#### WHAT YOU HAVE TO DO
The material below contains a line with "y) = (\<Sum>p<n." and a line with "fix k assume". Copy exactly those two lines and all lines between them.

#### MATERIAL PROVIDED
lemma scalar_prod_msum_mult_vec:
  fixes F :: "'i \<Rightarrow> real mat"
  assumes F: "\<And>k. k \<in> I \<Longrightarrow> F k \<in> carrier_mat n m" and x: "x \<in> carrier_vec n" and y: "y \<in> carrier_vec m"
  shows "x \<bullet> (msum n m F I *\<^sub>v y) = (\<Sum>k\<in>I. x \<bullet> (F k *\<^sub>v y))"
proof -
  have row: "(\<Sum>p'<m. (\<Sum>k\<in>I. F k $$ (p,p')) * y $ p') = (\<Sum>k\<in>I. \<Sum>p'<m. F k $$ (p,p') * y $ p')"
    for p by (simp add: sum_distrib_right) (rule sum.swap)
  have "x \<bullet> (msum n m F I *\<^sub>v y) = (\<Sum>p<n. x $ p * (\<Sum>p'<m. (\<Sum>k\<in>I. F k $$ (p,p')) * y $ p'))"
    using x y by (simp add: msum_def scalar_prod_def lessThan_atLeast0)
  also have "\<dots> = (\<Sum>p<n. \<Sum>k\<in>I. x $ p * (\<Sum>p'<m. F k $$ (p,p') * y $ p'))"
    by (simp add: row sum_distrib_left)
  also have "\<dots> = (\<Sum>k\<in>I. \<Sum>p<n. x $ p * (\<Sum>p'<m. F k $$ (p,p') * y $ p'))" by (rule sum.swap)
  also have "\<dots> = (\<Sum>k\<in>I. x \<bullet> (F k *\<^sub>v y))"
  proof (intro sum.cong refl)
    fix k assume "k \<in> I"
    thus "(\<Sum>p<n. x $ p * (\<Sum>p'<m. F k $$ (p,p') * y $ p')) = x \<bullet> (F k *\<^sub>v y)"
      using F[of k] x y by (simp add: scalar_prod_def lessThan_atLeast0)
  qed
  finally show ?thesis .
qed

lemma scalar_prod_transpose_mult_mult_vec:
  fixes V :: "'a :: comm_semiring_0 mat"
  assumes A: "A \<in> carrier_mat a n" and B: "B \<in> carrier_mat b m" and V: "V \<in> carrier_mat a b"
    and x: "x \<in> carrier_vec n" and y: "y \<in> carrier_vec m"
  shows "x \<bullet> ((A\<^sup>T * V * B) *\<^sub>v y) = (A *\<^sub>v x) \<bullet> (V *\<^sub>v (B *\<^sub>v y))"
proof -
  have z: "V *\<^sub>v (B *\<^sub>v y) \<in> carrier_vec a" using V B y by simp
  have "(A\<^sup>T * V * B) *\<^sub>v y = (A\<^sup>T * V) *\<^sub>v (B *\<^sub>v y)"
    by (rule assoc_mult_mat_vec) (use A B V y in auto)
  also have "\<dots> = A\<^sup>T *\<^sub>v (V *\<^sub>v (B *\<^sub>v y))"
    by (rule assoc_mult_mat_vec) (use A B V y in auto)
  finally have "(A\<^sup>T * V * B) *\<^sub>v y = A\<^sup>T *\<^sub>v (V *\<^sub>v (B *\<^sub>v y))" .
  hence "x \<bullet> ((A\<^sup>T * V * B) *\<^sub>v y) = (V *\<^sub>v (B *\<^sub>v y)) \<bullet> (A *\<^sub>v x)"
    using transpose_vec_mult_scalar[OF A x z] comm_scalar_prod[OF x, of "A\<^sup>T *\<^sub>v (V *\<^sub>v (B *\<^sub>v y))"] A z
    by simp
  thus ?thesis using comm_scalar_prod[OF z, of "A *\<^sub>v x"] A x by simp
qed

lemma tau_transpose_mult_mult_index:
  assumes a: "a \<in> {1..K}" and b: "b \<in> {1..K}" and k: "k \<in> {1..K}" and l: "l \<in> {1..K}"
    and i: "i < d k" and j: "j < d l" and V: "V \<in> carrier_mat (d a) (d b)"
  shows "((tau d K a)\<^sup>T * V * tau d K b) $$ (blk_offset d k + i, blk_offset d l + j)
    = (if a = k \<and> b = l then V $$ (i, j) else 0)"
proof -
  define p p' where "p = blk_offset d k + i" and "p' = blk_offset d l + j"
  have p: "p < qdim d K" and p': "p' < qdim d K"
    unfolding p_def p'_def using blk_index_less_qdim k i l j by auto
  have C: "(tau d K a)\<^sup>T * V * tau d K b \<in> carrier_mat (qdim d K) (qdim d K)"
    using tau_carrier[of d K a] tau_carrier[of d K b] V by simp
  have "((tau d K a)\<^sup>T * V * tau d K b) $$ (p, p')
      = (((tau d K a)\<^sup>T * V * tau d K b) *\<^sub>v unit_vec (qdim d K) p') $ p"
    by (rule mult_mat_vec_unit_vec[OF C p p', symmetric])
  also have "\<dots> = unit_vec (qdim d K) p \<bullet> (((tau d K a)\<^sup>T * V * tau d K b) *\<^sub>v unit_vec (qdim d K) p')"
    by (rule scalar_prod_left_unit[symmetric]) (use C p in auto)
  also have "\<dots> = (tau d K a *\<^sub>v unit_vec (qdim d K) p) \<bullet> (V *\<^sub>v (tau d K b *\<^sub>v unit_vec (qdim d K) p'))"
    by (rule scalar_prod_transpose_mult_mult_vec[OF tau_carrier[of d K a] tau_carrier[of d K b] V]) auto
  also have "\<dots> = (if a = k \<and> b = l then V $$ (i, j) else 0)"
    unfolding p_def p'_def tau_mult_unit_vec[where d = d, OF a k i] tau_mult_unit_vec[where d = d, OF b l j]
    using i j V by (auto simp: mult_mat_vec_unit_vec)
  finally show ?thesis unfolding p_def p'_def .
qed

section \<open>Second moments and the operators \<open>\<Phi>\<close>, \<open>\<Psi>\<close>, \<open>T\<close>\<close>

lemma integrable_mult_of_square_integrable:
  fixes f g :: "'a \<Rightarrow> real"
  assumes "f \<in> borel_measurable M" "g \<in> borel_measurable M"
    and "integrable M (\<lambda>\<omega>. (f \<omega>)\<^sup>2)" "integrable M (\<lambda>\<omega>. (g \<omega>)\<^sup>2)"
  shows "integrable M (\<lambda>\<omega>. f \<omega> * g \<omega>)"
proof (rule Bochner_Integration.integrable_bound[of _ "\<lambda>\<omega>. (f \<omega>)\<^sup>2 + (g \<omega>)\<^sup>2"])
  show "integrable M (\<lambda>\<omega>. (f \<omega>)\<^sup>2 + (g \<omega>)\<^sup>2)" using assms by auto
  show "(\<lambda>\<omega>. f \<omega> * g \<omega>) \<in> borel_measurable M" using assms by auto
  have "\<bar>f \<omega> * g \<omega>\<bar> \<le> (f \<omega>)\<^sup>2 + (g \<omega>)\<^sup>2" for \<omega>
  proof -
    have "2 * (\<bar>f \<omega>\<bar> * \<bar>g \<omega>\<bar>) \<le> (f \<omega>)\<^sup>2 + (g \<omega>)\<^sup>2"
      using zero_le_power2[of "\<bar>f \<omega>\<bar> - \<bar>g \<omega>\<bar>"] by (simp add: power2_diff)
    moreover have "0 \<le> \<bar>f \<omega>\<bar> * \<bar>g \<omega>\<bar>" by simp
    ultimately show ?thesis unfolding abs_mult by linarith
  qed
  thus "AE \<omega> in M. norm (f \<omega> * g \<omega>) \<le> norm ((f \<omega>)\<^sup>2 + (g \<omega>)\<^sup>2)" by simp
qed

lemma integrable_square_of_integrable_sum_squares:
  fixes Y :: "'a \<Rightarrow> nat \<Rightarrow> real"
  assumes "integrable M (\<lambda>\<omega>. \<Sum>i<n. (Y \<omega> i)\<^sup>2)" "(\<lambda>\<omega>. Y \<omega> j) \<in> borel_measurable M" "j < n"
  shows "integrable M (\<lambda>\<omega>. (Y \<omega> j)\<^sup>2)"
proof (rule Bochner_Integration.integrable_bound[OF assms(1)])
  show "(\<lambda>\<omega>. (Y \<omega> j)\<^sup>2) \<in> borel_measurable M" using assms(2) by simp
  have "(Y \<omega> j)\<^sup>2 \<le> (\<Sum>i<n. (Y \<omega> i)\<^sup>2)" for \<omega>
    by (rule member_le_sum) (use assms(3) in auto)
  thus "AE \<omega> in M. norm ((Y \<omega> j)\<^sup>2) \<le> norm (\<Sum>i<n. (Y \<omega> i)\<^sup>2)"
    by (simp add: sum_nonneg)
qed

--

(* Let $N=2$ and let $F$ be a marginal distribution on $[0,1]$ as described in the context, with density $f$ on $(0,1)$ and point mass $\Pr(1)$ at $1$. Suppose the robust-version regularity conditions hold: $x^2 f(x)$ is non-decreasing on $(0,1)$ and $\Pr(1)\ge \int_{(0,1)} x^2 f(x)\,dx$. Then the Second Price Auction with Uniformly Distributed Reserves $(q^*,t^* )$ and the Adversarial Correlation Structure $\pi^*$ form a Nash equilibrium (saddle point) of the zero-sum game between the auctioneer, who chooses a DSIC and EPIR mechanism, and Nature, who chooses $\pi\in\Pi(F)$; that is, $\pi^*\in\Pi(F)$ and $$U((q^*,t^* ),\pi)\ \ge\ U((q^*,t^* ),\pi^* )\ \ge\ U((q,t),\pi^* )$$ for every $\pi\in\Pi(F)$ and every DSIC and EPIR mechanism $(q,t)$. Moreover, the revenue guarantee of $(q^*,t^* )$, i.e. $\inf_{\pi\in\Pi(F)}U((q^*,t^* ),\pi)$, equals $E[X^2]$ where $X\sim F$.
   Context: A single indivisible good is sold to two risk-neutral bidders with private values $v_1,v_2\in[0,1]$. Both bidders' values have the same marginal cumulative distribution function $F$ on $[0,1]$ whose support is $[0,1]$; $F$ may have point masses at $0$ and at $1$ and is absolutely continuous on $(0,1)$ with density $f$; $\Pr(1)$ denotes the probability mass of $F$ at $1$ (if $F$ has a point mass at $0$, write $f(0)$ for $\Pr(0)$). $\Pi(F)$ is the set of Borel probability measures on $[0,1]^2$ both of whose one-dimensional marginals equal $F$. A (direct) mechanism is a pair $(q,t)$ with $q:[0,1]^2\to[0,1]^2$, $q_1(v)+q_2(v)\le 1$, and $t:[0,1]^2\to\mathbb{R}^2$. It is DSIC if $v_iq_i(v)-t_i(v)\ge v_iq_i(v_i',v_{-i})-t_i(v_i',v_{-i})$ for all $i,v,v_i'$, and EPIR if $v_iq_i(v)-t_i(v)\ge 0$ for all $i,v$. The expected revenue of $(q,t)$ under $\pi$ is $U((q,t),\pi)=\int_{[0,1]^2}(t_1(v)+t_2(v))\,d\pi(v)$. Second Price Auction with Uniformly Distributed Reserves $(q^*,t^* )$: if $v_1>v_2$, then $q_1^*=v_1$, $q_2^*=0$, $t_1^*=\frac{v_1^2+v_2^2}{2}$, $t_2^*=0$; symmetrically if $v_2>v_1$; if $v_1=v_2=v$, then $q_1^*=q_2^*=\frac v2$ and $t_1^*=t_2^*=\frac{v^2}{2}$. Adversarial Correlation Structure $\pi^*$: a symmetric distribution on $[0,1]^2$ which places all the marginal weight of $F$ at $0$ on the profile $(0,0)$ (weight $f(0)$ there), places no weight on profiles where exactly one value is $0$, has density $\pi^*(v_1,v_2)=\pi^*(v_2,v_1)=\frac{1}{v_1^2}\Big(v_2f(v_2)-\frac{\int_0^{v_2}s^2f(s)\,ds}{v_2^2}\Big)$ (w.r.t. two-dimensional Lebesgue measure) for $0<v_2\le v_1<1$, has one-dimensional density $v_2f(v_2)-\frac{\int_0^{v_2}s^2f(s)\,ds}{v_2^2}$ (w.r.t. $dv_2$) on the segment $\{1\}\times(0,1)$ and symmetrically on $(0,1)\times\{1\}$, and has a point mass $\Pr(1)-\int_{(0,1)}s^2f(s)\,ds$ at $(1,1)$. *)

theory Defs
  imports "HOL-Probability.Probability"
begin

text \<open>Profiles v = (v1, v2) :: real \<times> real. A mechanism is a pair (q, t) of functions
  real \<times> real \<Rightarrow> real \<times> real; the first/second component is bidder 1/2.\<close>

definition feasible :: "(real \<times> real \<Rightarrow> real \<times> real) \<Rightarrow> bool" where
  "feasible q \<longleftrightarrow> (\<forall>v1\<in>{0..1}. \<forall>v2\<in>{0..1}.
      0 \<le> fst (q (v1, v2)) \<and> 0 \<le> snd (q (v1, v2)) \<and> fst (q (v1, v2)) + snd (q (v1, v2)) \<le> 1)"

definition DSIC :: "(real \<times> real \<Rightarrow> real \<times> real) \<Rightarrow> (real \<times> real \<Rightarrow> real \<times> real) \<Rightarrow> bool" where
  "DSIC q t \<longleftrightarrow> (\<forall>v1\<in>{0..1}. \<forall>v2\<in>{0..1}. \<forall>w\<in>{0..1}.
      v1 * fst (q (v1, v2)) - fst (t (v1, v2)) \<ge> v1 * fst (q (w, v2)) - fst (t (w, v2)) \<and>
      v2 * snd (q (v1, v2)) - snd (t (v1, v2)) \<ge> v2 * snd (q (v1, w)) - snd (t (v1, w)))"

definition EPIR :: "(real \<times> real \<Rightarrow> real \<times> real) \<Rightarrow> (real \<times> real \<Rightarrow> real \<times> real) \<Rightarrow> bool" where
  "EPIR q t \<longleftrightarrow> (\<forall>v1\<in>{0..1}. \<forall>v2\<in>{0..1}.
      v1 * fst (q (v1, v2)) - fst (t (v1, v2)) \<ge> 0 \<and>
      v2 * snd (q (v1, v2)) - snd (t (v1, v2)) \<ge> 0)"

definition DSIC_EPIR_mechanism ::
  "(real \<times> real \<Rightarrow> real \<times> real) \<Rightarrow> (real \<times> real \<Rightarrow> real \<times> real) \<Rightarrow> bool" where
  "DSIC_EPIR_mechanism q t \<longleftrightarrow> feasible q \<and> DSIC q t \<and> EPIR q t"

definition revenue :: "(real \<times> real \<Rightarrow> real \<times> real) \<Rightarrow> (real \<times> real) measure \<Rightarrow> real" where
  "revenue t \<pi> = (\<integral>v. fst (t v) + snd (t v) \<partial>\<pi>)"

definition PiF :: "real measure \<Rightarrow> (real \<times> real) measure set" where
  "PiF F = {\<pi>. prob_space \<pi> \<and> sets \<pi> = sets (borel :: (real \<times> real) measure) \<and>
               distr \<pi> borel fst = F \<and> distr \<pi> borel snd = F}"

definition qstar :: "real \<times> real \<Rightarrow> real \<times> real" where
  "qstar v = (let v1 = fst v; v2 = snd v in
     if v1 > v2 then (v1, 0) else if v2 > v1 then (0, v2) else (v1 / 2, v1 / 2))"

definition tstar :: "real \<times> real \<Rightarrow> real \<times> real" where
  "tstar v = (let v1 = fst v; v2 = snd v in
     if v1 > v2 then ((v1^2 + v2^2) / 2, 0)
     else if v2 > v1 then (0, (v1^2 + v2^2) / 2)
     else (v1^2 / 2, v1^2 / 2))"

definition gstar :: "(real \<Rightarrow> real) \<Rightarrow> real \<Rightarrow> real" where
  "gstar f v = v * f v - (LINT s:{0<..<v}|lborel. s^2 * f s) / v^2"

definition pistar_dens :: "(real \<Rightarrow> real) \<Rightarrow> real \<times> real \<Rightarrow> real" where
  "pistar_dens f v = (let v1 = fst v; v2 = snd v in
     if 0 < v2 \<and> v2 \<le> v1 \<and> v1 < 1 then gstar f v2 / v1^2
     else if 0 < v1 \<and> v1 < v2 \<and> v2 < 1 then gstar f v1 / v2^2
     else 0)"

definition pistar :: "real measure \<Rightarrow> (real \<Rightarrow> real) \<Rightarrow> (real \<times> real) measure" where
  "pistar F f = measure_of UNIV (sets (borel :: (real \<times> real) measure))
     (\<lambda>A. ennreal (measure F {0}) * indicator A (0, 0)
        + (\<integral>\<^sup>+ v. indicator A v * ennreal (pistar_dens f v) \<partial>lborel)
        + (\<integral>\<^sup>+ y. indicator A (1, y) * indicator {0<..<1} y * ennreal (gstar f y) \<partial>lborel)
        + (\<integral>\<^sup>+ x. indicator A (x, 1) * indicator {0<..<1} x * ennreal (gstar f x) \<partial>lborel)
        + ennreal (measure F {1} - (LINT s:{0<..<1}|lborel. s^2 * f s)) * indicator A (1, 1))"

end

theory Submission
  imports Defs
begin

#### TASK RESPONSE
  have "x \<bullet> (msum n m F I *\<^sub>v y) = (\<Sum>p<n. x $ p * (\<Sum>p'<m. (\<Sum>k\<in>I. F k $$ (p,p')) * y $ p'))"
    using x y by (simp add: msum_def scalar_prod_def lessThan_atLeast0)
  also have "\<dots> = (\<Sum>p<n. \<Sum>k\<in>I. x $ p * (\<Sum>p'<m. F k $$ (p,p') * y $ p'))"
    by (simp add: row sum_distrib_left)
  also have "\<dots> = (\<Sum>k\<in>I. \<Sum>p<n. x $ p * (\<Sum>p'<m. F k $$ (p,p') * y $ p'))" by (rule sum.swap)
  also have "\<dots> = (\<Sum>k\<in>I. x \<bullet> (F k *\<^sub>v y))"
  proof (intro sum.cong refl)
    fix k assume "k \<in> I"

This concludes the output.